On the 16th of April, 1843, in a mound near Kinderhook, Pike county, Illinois, were found six plates of brass of a bell shape, each having a hole near the small end, and a ring through them all. The plates were so completely covered with rust, as almost to obliterate the characters inscribed upon each side of them. But after undergoing a chemical process, the inscriptions were brought out plain and distinct.

There were indications that lead to the belief that this mound was the tomb of a family or person of distinction, in ages long gone by; and these plates probably contain the history of a person or people who existed at a time far beyond the memory of the present race. (For further particulars see appendix to O. Pratt's Works.)

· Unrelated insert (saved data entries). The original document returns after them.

lemma has_real_derivative_ratio_line:
  fixes a b c l t0 :: real
  assumes "l < 1"
  shows "((\<lambda>t. (a + (t - t0) * b) / (1 - (l + (t - t0) * c))) has_real_derivative
           b / (1 - l) + a * c / (1 - l)^2) (at t0)"
proof -
  have "((\<lambda>t. (a + (t - t0) * b) / (1 - (l + (t - t0) * c))) has_real_derivative
          (b * (1 - l) - a * - c) / (1 - l)^2) (at t0)"
    using assms by (auto intro!: derivative_eq_intros simp: power2_eq_square)
  moreover have "(b * (1 - l) - a * - c) / (1 - l)^2 = b / (1 - l) + a * c / (1 - l)^2"
    using assms by (simp add: power2_eq_square add_divide_distrib)
  ultimately show ?thesis by simp
qed

lemma has_real_derivative_potential_line:
  assumes "\<forall>j\<in>{1..N}. load L \<gamma> m j < 1"
  shows "((\<lambda>t. potential L N \<gamma> g (\<lambda>i j. m i j + (t - t0) * d i j)) has_real_derivative
           (\<Sum>j\<in>{1..N}. \<Sum>l\<in>{1..L}. d l j * marginal_cost L \<gamma> g m l j)) (at t0)"
proof -
  define S where "S j = (\<Sum>i\<in>{1..L}. m i j * g i j)" for j
  define T where "T j = (\<Sum>i\<in>{1..L}. d i j * g i j)" for j
  have line: "(\<Sum>i\<in>{1..L}. (m i j + s * d i j) * g i j) = S j + s * T j" for s j
    unfolding S_def T_def by (simp add: algebra_simps sum.distrib sum_distrib_left)
  have grad: "T j / (1 - load L \<gamma> m j) + S j * load L \<gamma> d j / (1 - load L \<gamma> m j)^2
      = (\<Sum>l\<in>{1..L}. d l j * marginal_cost L \<gamma> g m l j)" for j
    unfolding T_def load_def marginal_cost_def S_def[symmetric]
    by (simp add: sum_divide_distrib sum_distrib_left sum_distrib_right sum.distrib
        algebra_simps flip: S_def)
  show ?thesis
    unfolding potential_def load_line line grad[symmetric]
    by (intro DERIV_sum has_real_derivative_ratio_line) (use assms in auto)
qed

lemma eventually_load_line_lt_1:
  assumes "\<forall>j\<in>{1..N}. load L \<gamma> m j < 1"
  shows "\<forall>\<^sub>F t in nhds t0. \<forall>j\<in>{1..N}. load L \<gamma> (\<lambda>i j. m i j + (t - t0) * d i j) j < 1"
proof (intro eventually_ball_finite ballI)
  fix j assume "j \<in> {1..N}"
  have "((\<lambda>t. load L \<gamma> m j + (t - t0) * load L \<gamma> d j) \<longlongrightarrow> load L \<gamma> m j) (nhds t0)"
    by (auto intro!: tendsto_eq_intros filterlim_ident)
  from order_tendstoD(2)[OF this] show "\<forall>\<^sub>F t in nhds t0. load L \<gamma> (\<lambda>i j. m i j + (t - t0) * d i j) j < 1"
    using assms \<open>j \<in> {1..N}\<close> by (simp add: load_line)
qed simp

lemma sum_sum_unit:
  fixes f :: "nat \<Rightarrow> nat \<Rightarrow> real"
  assumes "l0 \<in> A" "j0 \<in> B" "finite A" "finite B"
  shows "(\<Sum>j\<in>B. \<Sum>l\<in>A. (if l = l0 \<and> j = j0 then 1 else 0) * f l j) = f l0 j0"
proof -
  have "(\<Sum>l\<in>A. (if l = l0 \<and> j = j0 then 1 else 0) * f l j) = (if j = j0 then f l0 j else 0)" for j
    using assms by (cases "j = j0") (simp_all add: if_distrib[of "\<lambda>x. x * _"] sum.delta cong: if_cong)
  then show ?thesis using assms by (simp add: sum.delta)
qed

lemma social_cost_has_tolled_cost_derivative:
  assumes loads: "\<forall>j\<in>{1..N}. load L \<gamma> m j < 1" and l: "l \<in> {1..L}" and j: "j \<in> {1..N}"
  shows "((\<lambda>x. real_of_ereal (social_cost L N \<gamma> \<sigma>2 h (m(l := (m l)(j := x)))))
           has_real_derivative real_of_ereal (tolled_cost L \<gamma> \<sigma>2 h m l j)) (at (m l j))"
proof -
  define d where "d = (\<lambda>i j'. if i = l \<and> j' = j then (1::real) else 0)"
  define p where "p x = (\<lambda>i j'. m i j' + (x - m l j) * d i j')" for x
  have upd: "m(l := (m l)(j := x)) = p x" for x
    by (auto simp: p_def d_def fun_eq_iff)
  have "((\<lambda>x. potential L N \<gamma> (gcoef \<gamma> \<sigma>2 h) (p x)) has_real_derivative
          marginal_cost L \<gamma> (gcoef \<gamma> \<sigma>2 h) m l j) (at (m l j))"
    using has_real_derivative_potential_line[OF loads, of _ "m l j" d]
    unfolding p_def d_def sum_sum_unit[OF l j finite_atLeastAtMost finite_atLeastAtMost] .
  moreover have "\<forall>\<^sub>F x in nhds (m l j).
      potential L N \<gamma> (gcoef \<gamma> \<sigma>2 h) (p x) = real_of_ereal (social_cost L N \<gamma> \<sigma>2 h (p x))"
    using eventually_load_line_lt_1[OF loads, of "m l j" d]
    by eventually_elim (simp add: social_cost_eq_potential p_def)
  ultimately show ?thesis
    using tolled_cost_eq_marginal_cost[of L \<gamma> m j \<sigma>2 h l] loads j
    by (simp add: upd DERIV_cong_ev)
qed

lemma social_cost_overloaded:
  assumes nonneg: "\<forall>i\<in>{1..L}. 0 \<le> m i j"
      and gcoef_pos: "\<forall>i\<in>{1..L}. 0 < gcoef \<gamma> \<sigma>2 h i j"
      and j: "j \<in> {1..N}" and overload: "1 \<le> load L \<gamma> m j"
  shows "social_cost L N \<gamma> \<sigma>2 h m = \<infinity>"
proof -
  have "\<exists>i\<in>{1..L}. m i j \<noteq> 0"
  proof (rule ccontr)
    assume "\<not> ?thesis"
    then have "load L \<gamma> m j = 0" by (simp add: load_def)
    with overload show False by simp
  qed
  then obtain i where i: "i \<in> {1..L}" and "m i j \<noteq> 0" by blast
  then have "0 < m i j" "0 < gcoef \<gamma> \<sigma>2 h i j"
    using nonneg gcoef_pos by (simp_all add: order_le_neq_trans)
  then have "ereal (m i j * gcoef \<gamma> \<sigma>2 h i j) * cfun (load L \<gamma> m j) = \<infinity>"
    using overload by (simp add: cfun_def)
  then have "(\<Sum>i\<in>{1..L}. ereal (m i j * gcoef \<gamma> \<sigma>2 h i j) * cfun (load L \<gamma> m j)) = \<infinity>"
    unfolding sum_Pinfty using i by blast
  then show ?thesis
    unfolding social_cost_def sum_Pinfty using j by blast
qed

lemma uniform_profile:
  assumes M_nonneg: "\<forall>l\<in>{1..L}. 0 \<le> M l" and \<gamma>_nonneg: "\<forall>l\<in>{1..L}. 0 \<le> \<gamma> l"
      and feasible: "(\<Sum>l\<in>{1..L}. \<gamma> l * M l) < real N"
  shows "is_profile L N M (\<lambda>l j. M l / real N)"
    and "\<forall>j\<in>{1..N}. load L \<gamma> (\<lambda>l j. M l / real N) j < 1"
proof -
  have "0 \<le> (\<Sum>l\<in>{1..L}. \<gamma> l * M l)"
    using M_nonneg \<gamma>_nonneg by (intro sum_nonneg) simp
  with feasible have "0 < real N" by linarith
  then show "is_profile L N M (\<lambda>l j. M l / real N)"
    using M_nonneg by (simp add: is_profile_def)
  show "\<forall>j\<in>{1..N}. load L \<gamma> (\<lambda>l j. M l / real N) j < 1"
    using feasible \<open>0 < real N\<close> by (simp add: load_def sum_divide_distrib[symmetric])
qed

lemma social_optimum_loads_lt_1:
  assumes M_nonneg: "\<forall>l\<in>{1..L}. 0 \<le> M l" and \<gamma>_nonneg: "\<forall>l\<in>{1..L}. 0 \<le> \<gamma> l"
      and gcoef_pos: "\<forall>l\<in>{1..L}. \<forall>j\<in>{1..N}. 0 < gcoef \<gamma> \<sigma>2 h l j"
      and feasible: "(\<Sum>l\<in>{1..L}. \<gamma> l * M l) < real N"
      and profile: "is_profile L N M m"
      and optimal: "\<forall>m'. is_profile L N M m' \<longrightarrow> social_cost L N \<gamma> \<sigma>2 h m \<le> social_cost L N \<gamma> \<sigma>2 h m'"
  shows "\<forall>j\<in>{1..N}. load L \<gamma> m j < 1"
proof (rule ccontr)
  assume "\<not> ?thesis"
  then obtain j where j: "j \<in> {1..N}" and "1 \<le> load L \<gamma> m j" by force
  with profile gcoef_pos have "social_cost L N \<gamma> \<sigma>2 h m = \<infinity>"
    by (intro social_cost_overloaded) (auto simp: is_profile_def)
  moreover have "social_cost L N \<gamma> \<sigma>2 h m \<le> social_cost L N \<gamma> \<sigma>2 h (\<lambda>l j. M l / real N)"
    using optimal uniform_profile(1)[OF M_nonneg \<gamma>_nonneg feasible] by blast
  moreover have "social_cost L N \<gamma> \<sigma>2 h (\<lambda>l j. M l / real N)
      = ereal (potential L N \<gamma> (gcoef \<gamma> \<sigma>2 h) (\<lambda>l j. M l / real N))"
    by (rule social_cost_eq_potential[OF uniform_profile(2)[OF M_nonneg \<gamma>_nonneg feasible]])
  ultimately show False by simp
qed

lemma has_real_derivative_nonneg_at_right_min:
  fixes f :: "real \<Rightarrow> real"
  assumes "(f has_real_derivative D) (at x)" and "\<forall>\<^sub>F t in at_right x. f x \<le> f t"
  shows "0 \<le> D"
proof (rule ccontr)
  assume "\<not> 0 \<le> D"
  then obtain \<delta> where "\<delta> > 0" and dec: "\<forall>s>0. s < \<delta> \<longrightarrow> f (x + s) < f x"
    using DERIV_neg_dec_right[OF assms(1)] by (meson not_le)
  have "\<forall>\<^sub>F t in at_right x. f t < f x"
    unfolding eventually_at_right_field
  proof (intro exI[of _ "x + \<delta>"] conjI allI impI)
    fix t assume "x < t" "t < x + \<delta>"
    then show "f t < f x"
      using dec[rule_format, of "t - x"] by simp
  qed (use \<open>\<delta> > 0\<close> in simp)
  with assms(2) have "\<forall>\<^sub>F t in at_right x. False"
    by eventually_elim simp
  then show False by simp
qed

lemma social_optimum_marginal_cost_le:
  assumes profile: "is_profile L N M m"
      and optimal: "\<forall>m'. is_profile L N M m' \<longrightarrow> social_cost L N \<gamma> \<sigma>2 h m \<le> social_cost L N \<gamma> \<sigma>2 h m'"
      and loads: "\<forall>j\<in>{1..N}. load L \<gamma> m j < 1"
      and l: "l \<in> {1..L}" and j: "j \<in> {1..N}" and k: "k \<in> {1..N}" and pos: "0 < m l j"
  shows "marginal_cost L \<gamma> (gcoef \<gamma> \<sigma>2 h) m l j \<le> marginal_cost L \<gamma> (gcoef \<gamma> \<sigma>2 h) m l k"
proof -
  define e where "e (a::nat) (b::nat) = (\<lambda>i j'. if i = a \<and> j' = b then (1::real) else 0)" for a b
  define d where "d = (\<lambda>i j'. e l k i j' - e l j i j')"
  define p where "p t = (\<lambda>i j'. m i j' + t * d i j')" for t
  define \<Phi> where "\<Phi> t = potential L N \<gamma> (gcoef \<gamma> \<sigma>2 h) (p t)" for t
  have deriv: "(\<Phi> has_real_derivative
      marginal_cost L \<gamma> (gcoef \<gamma> \<sigma>2 h) m l k - marginal_cost L \<gamma> (gcoef \<gamma> \<sigma>2 h) m l j) (at 0)"
    using has_real_derivative_potential_line[OF loads, of "gcoef \<gamma> \<sigma>2 h" 0 d]
    unfolding \<Phi>_def p_def diff_zero d_def e_def left_diff_distrib sum_subtractf
      sum_sum_unit[OF l j finite_atLeastAtMost finite_atLeastAtMost]
      sum_sum_unit[OF l k finite_atLeastAtMost finite_atLeastAtMost] .
  have profile_p: "is_profile L N M (p t)" if "0 \<le> t" "t \<le> m l j" for t
  proof -
    have "0 \<le> p t i j'" if "i \<in> {1..L}" "j' \<in> {1..N}" for i j'
      using profile \<open>i \<in> {1..L}\<close> \<open>j' \<in> {1..N}\<close> \<open>0 \<le> t\<close> \<open>t \<le> m l j\<close>
      by (auto simp: is_profile_def p_def d_def e_def)
    moreover have "(\<Sum>j'\<in>{1..N}. d i j') = 0" for i
      using j k by (cases "i = l") (simp_all add: d_def e_def sum_subtractf)
    then have "(\<Sum>j'\<in>{1..N}. p t i j') = (\<Sum>j'\<in>{1..N}. m i j')" for i
      by (simp add: p_def sum.distrib flip: sum_distrib_left)
    ultimately show ?thesis
      using profile by (simp add: is_profile_def)
  qed
  have "\<forall>\<^sub>F t in at_right 0. 0 < t \<and> t < m l j \<and> (\<forall>j'\<in>{1..N}. load L \<gamma> (p t) j' < 1)"
  proof (intro eventually_conj)
    show "\<forall>\<^sub>F t in at_right 0. t < m l j"
      using order_tendstoD(2)[OF tendsto_ident_at pos] .
    show "\<forall>\<^sub>F t in at_right 0. \<forall>j'\<in>{1..N}. load L \<gamma> (p t) j' < 1"
      using eventually_load_line_lt_1[OF loads, of 0 d]
      unfolding eventually_at_filter p_def diff_zero by (rule eventually_mono) simp
  qed (rule eventually_at_right_less)
  then have "\<forall>\<^sub>F t in at_right 0. \<Phi> 0 \<le> \<Phi> t"
  proof eventually_elim
    case (elim t)
    then have "social_cost L N \<gamma> \<sigma>2 h (p 0) \<le> social_cost L N \<gamma> \<sigma>2 h (p t)"
      using optimal profile_p[of t] by (simp add: p_def)
    then show ?case
      using elim loads by (simp add: \<Phi>_def social_cost_eq_potential p_def)
  qed
  from has_real_derivative_nonneg_at_right_min[OF deriv this] show ?thesis by simp
qed

lemma social_optimum_is_nash:
  assumes M_nonneg: "\<forall>l\<in>{1..L}. 0 \<le> M l" and \<gamma>_nonneg: "\<forall>l\<in>{1..L}. 0 \<le> \<gamma> l"
      and gcoef_pos: "\<forall>l\<in>{1..L}. \<forall>j\<in>{1..N}. 0 < gcoef \<gamma> \<sigma>2 h l j"
      and feasible: "(\<Sum>l\<in>{1..L}. \<gamma> l * M l) < real N"
      and profile: "is_profile L N M m"
      and optimal: "\<forall>m'. is_profile L N M m' \<longrightarrow> social_cost L N \<gamma> \<sigma>2 h m \<le> social_cost L N \<gamma> \<sigma>2 h m'"
  shows "is_nash L N M m (tolled_cost L \<gamma> \<sigma>2 h m)"
proof -
  have loads: "\<forall>j\<in>{1..N}. load L \<gamma> m j < 1"
    using social_optimum_loads_lt_1[OF M_nonneg \<gamma>_nonneg gcoef_pos feasible profile optimal] .
  show ?thesis
    unfolding is_nash_def
    using profile social_optimum_marginal_cost_le[OF profile optimal loads]
    by (simp add: loads tolled_cost_eq_marginal_cost)
qed

theorem proposition12:
  fixes L N :: nat and M \<gamma> :: "nat \<Rightarrow> real" and h :: "nat \<Rightarrow> nat \<Rightarrow> real" and \<sigma>2 :: real
  assumes M_pos: "\<forall>l\<in>{1..L}. M l > 0"
      and \<gamma>_pos: "\<forall>l\<in>{1..L}. \<gamma> l > 0"
      and h_pos: "\<forall>l\<in>{1..L}. \<forall>j\<in>{1..N}. h l j > 0"
      and \<sigma>_pos: "\<sigma>2 > 0"
      and feasible: "(\<Sum>l\<in>{1..L}. \<gamma> l * M l) < real N"
  shows "(\<forall>m :: nat \<Rightarrow> nat \<Rightarrow> real. (\<forall>j\<in>{1..N}. load L \<gamma> m j < 1) \<longrightarrow>
            (\<forall>l\<in>{1..L}. \<forall>j\<in>{1..N}.
               ((\<lambda>x. real_of_ereal (social_cost L N \<gamma> \<sigma>2 h (m(l := (m l)(j := x)))))
                  has_real_derivative real_of_ereal (tolled_cost L \<gamma> \<sigma>2 h m l j)) (at (m l j))))
       \<and> (\<forall>m :: nat \<Rightarrow> nat \<Rightarrow> real. is_profile L N M m \<and>
            (\<forall>m'. is_profile L N M m' \<longrightarrow> social_cost L N \<gamma> \<sigma>2 h m \<le> social_cost L N \<gamma> \<sigma>2 h m')
            \<longrightarrow> is_nash L N M m (tolled_cost L \<gamma> \<sigma>2 h m))"
proof (intro conjI allI impI ballI)
  fix m l j
  assume "\<forall>j\<in>{1..N}. load L \<gamma> m j < 1" "l \<in> {1..L}" "j \<in> {1..N}"
  then show "((\<lambda>x. real_of_ereal (social_cost L N \<gamma> \<sigma>2 h (m(l := (m l)(j := x)))))
      has_real_derivative real_of_ereal (tolled_cost L \<gamma> \<sigma>2 h m l j)) (at (m l j))"
    by (rule social_cost_has_tolled_cost_derivative)
next
  fix m :: "nat \<Rightarrow> nat \<Rightarrow> real"
  have "\<forall>l\<in>{1..L}. \<forall>j\<in>{1..N}. 0 < gcoef \<gamma> \<sigma>2 h l j"
    using \<gamma>_pos h_pos \<sigma>_pos by (simp add: gcoef_def)
  moreover assume "is_profile L N M m \<and>
      (\<forall>m'. is_profile L N M m' \<longrightarrow> social_cost L N \<gamma> \<sigma>2 h m \<le> social_cost L N \<gamma> \<sigma>2 h m')"
  ultimately show "is_nash L N M m (tolled_cost L \<gamma> \<sigma>2 h m)"
    using M_pos \<gamma>_pos feasible by (intro social_optimum_is_nash) (auto simp: less_imp_le)
qed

In 1815, near Pittsfield, Mass., at a place called Indian Hill, was found what appeared to be a black strap about six inches in length and one and a half in breadth, and about the thickness of a leather trace to a harness. On examination it was found to be formed of two pieces of thick raw-hide sewed and made water-tight with the sinews of some animal and gummed over; and in the fold were contained pieces of parchment, of a dark-yellow hue and on which was some kind of writing. Three of the pieces were preserved and sent to the University of Cambridge, Mass., where they were examined and discovered to have been written with a pen in Hebrew, plain and legible. The writing was quotations from the Old Testament, Deut, vi. 4-9, inclusive, and chap. xi. 13-21, inclusive, and Exodus xiii, 11-16, inclusive. (See Voice of Warning.)

The ancient Mexican pyramids, "teocallis," or temples of the sun, were still more remarkable. Two of the most ancient of these, near the city of Mexico, were each nearly 200 feet high, and the larger of these two, covers an area of eleven acres, which is nearly equal to that of the pyramid of Cheops, in Egypt.